(Beginning of Data in this exercise)

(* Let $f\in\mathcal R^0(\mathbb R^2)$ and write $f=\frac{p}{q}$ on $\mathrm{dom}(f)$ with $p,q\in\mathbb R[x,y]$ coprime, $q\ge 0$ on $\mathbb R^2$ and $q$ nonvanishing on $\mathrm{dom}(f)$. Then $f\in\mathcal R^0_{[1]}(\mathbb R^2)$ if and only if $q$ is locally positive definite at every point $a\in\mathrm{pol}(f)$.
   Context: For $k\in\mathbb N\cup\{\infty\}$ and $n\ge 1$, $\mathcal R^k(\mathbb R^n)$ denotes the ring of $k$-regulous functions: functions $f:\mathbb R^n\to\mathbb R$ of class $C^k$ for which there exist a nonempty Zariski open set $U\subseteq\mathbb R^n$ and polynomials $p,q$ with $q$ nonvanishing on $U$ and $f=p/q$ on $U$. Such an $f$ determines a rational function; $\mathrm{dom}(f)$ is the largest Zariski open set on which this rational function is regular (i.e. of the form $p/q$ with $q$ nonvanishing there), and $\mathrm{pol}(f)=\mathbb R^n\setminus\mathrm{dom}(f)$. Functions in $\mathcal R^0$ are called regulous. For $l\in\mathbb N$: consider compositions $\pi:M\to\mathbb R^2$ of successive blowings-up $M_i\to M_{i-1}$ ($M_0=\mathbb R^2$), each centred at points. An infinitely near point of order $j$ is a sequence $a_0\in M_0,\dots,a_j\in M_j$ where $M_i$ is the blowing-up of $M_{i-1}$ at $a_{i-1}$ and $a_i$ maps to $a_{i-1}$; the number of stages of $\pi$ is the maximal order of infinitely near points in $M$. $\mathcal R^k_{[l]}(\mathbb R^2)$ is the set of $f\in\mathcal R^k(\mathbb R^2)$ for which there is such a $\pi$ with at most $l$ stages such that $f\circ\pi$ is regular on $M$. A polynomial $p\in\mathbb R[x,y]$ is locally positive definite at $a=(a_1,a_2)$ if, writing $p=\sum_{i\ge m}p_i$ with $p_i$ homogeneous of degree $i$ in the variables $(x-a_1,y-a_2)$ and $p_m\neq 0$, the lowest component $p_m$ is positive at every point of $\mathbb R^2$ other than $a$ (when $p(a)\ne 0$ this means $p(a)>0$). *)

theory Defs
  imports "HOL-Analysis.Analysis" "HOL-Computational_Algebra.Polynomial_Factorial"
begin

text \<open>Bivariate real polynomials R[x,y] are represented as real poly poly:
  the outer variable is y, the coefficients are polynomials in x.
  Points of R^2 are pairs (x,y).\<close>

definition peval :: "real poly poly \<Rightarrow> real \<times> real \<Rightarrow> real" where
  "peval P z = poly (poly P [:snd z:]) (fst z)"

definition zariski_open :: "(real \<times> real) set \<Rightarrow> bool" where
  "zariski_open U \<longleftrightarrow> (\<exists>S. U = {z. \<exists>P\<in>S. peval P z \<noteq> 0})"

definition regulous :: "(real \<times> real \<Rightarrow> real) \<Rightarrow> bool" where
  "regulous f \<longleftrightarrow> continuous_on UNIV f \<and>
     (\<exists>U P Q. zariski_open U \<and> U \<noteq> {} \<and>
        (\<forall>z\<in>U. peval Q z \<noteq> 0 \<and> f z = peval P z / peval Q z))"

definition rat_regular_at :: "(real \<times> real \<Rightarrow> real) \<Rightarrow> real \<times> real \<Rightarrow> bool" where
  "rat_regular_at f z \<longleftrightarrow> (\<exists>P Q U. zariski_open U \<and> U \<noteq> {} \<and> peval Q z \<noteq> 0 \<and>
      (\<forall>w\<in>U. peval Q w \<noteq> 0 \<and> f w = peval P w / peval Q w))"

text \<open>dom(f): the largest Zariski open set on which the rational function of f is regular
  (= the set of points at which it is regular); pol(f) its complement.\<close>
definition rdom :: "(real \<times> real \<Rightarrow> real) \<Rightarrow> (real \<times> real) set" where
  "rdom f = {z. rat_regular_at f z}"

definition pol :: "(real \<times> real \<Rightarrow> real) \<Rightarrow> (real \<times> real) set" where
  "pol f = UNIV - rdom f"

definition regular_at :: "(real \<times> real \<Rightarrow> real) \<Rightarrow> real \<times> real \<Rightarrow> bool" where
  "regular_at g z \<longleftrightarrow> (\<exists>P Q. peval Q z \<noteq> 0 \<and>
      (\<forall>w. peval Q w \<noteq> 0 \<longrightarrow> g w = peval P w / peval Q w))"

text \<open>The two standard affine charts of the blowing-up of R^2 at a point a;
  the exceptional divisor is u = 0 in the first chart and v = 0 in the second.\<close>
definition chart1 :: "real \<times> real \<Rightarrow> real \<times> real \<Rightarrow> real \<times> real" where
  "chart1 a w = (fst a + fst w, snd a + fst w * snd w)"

(End of Data in this exercise)

# Work task
Give back the whole listing exactly as it reads.

# Solution for this exercise
(* Let $f\in\mathcal R^0(\mathbb R^2)$ and write $f=\frac{p}{q}$ on $\mathrm{dom}(f)$ with $p,q\in\mathbb R[x,y]$ coprime, $q\ge 0$ on $\mathbb R^2$ and $q$ nonvanishing on $\mathrm{dom}(f)$. Then $f\in\mathcal R^0_{[1]}(\mathbb R^2)$ if and only if $q$ is locally positive definite at every point $a\in\mathrm{pol}(f)$.
   Context: For $k\in\mathbb N\cup\{\infty\}$ and $n\ge 1$, $\mathcal R^k(\mathbb R^n)$ denotes the ring of $k$-regulous functions: functions $f:\mathbb R^n\to\mathbb R$ of class $C^k$ for which there exist a nonempty Zariski open set $U\subseteq\mathbb R^n$ and polynomials $p,q$ with $q$ nonvanishing on $U$ and $f=p/q$ on $U$. Such an $f$ determines a rational function; $\mathrm{dom}(f)$ is the largest Zariski open set on which this rational function is regular (i.e. of the form $p/q$ with $q$ nonvanishing there), and $\mathrm{pol}(f)=\mathbb R^n\setminus\mathrm{dom}(f)$. Functions in $\mathcal R^0$ are called regulous. For $l\in\mathbb N$: consider compositions $\pi:M\to\mathbb R^2$ of successive blowings-up $M_i\to M_{i-1}$ ($M_0=\mathbb R^2$), each centred at points. An infinitely near point of order $j$ is a sequence $a_0\in M_0,\dots,a_j\in M_j$ where $M_i$ is the blowing-up of $M_{i-1}$ at $a_{i-1}$ and $a_i$ maps to $a_{i-1}$; the number of stages of $\pi$ is the maximal order of infinitely near points in $M$. $\mathcal R^k_{[l]}(\mathbb R^2)$ is the set of $f\in\mathcal R^k(\mathbb R^2)$ for which there is such a $\pi$ with at most $l$ stages such that $f\circ\pi$ is regular on $M$. A polynomial $p\in\mathbb R[x,y]$ is locally positive definite at $a=(a_1,a_2)$ if, writing $p=\sum_{i\ge m}p_i$ with $p_i$ homogeneous of degree $i$ in the variables $(x-a_1,y-a_2)$ and $p_m\neq 0$, the lowest component $p_m$ is positive at every point of $\mathbb R^2$ other than $a$ (when $p(a)\ne 0$ this means $p(a)>0$). *)

theory Defs
  imports "HOL-Analysis.Analysis" "HOL-Computational_Algebra.Polynomial_Factorial"
begin

text \<open>Bivariate real polynomials R[x,y] are represented as real poly poly:
  the outer variable is y, the coefficients are polynomials in x.
  Points of R^2 are pairs (x,y).\<close>

definition peval :: "real poly poly \<Rightarrow> real \<times> real \<Rightarrow> real" where
  "peval P z = poly (poly P [:snd z:]) (fst z)"

definition zariski_open :: "(real \<times> real) set \<Rightarrow> bool" where
  "zariski_open U \<longleftrightarrow> (\<exists>S. U = {z. \<exists>P\<in>S. peval P z \<noteq> 0})"

definition regulous :: "(real \<times> real \<Rightarrow> real) \<Rightarrow> bool" where
  "regulous f \<longleftrightarrow> continuous_on UNIV f \<and>
     (\<exists>U P Q. zariski_open U \<and> U \<noteq> {} \<and>
        (\<forall>z\<in>U. peval Q z \<noteq> 0 \<and> f z = peval P z / peval Q z))"

definition rat_regular_at :: "(real \<times> real \<Rightarrow> real) \<Rightarrow> real \<times> real \<Rightarrow> bool" where
  "rat_regular_at f z \<longleftrightarrow> (\<exists>P Q U. zariski_open U \<and> U \<noteq> {} \<and> peval Q z \<noteq> 0 \<and>
      (\<forall>w\<in>U. peval Q w \<noteq> 0 \<and> f w = peval P w / peval Q w))"

text \<open>dom(f): the largest Zariski open set on which the rational function of f is regular
  (= the set of points at which it is regular); pol(f) its complement.\<close>
definition rdom :: "(real \<times> real \<Rightarrow> real) \<Rightarrow> (real \<times> real) set" where
  "rdom f = {z. rat_regular_at f z}"

definition pol :: "(real \<times> real \<Rightarrow> real) \<Rightarrow> (real \<times> real) set" where
  "pol f = UNIV - rdom f"

definition regular_at :: "(real \<times> real \<Rightarrow> real) \<Rightarrow> real \<times> real \<Rightarrow> bool" where
  "regular_at g z \<longleftrightarrow> (\<exists>P Q. peval Q z \<noteq> 0 \<and>
      (\<forall>w. peval Q w \<noteq> 0 \<longrightarrow> g w = peval P w / peval Q w))"

text \<open>The two standard affine charts of the blowing-up of R^2 at a point a;
  the exceptional divisor is u = 0 in the first chart and v = 0 in the second.\<close>
definition chart1 :: "real \<times> real \<Rightarrow> real \<times> real \<Rightarrow> real \<times> real" where
  "chart1 a w = (fst a + fst w, snd a + fst w * snd w)"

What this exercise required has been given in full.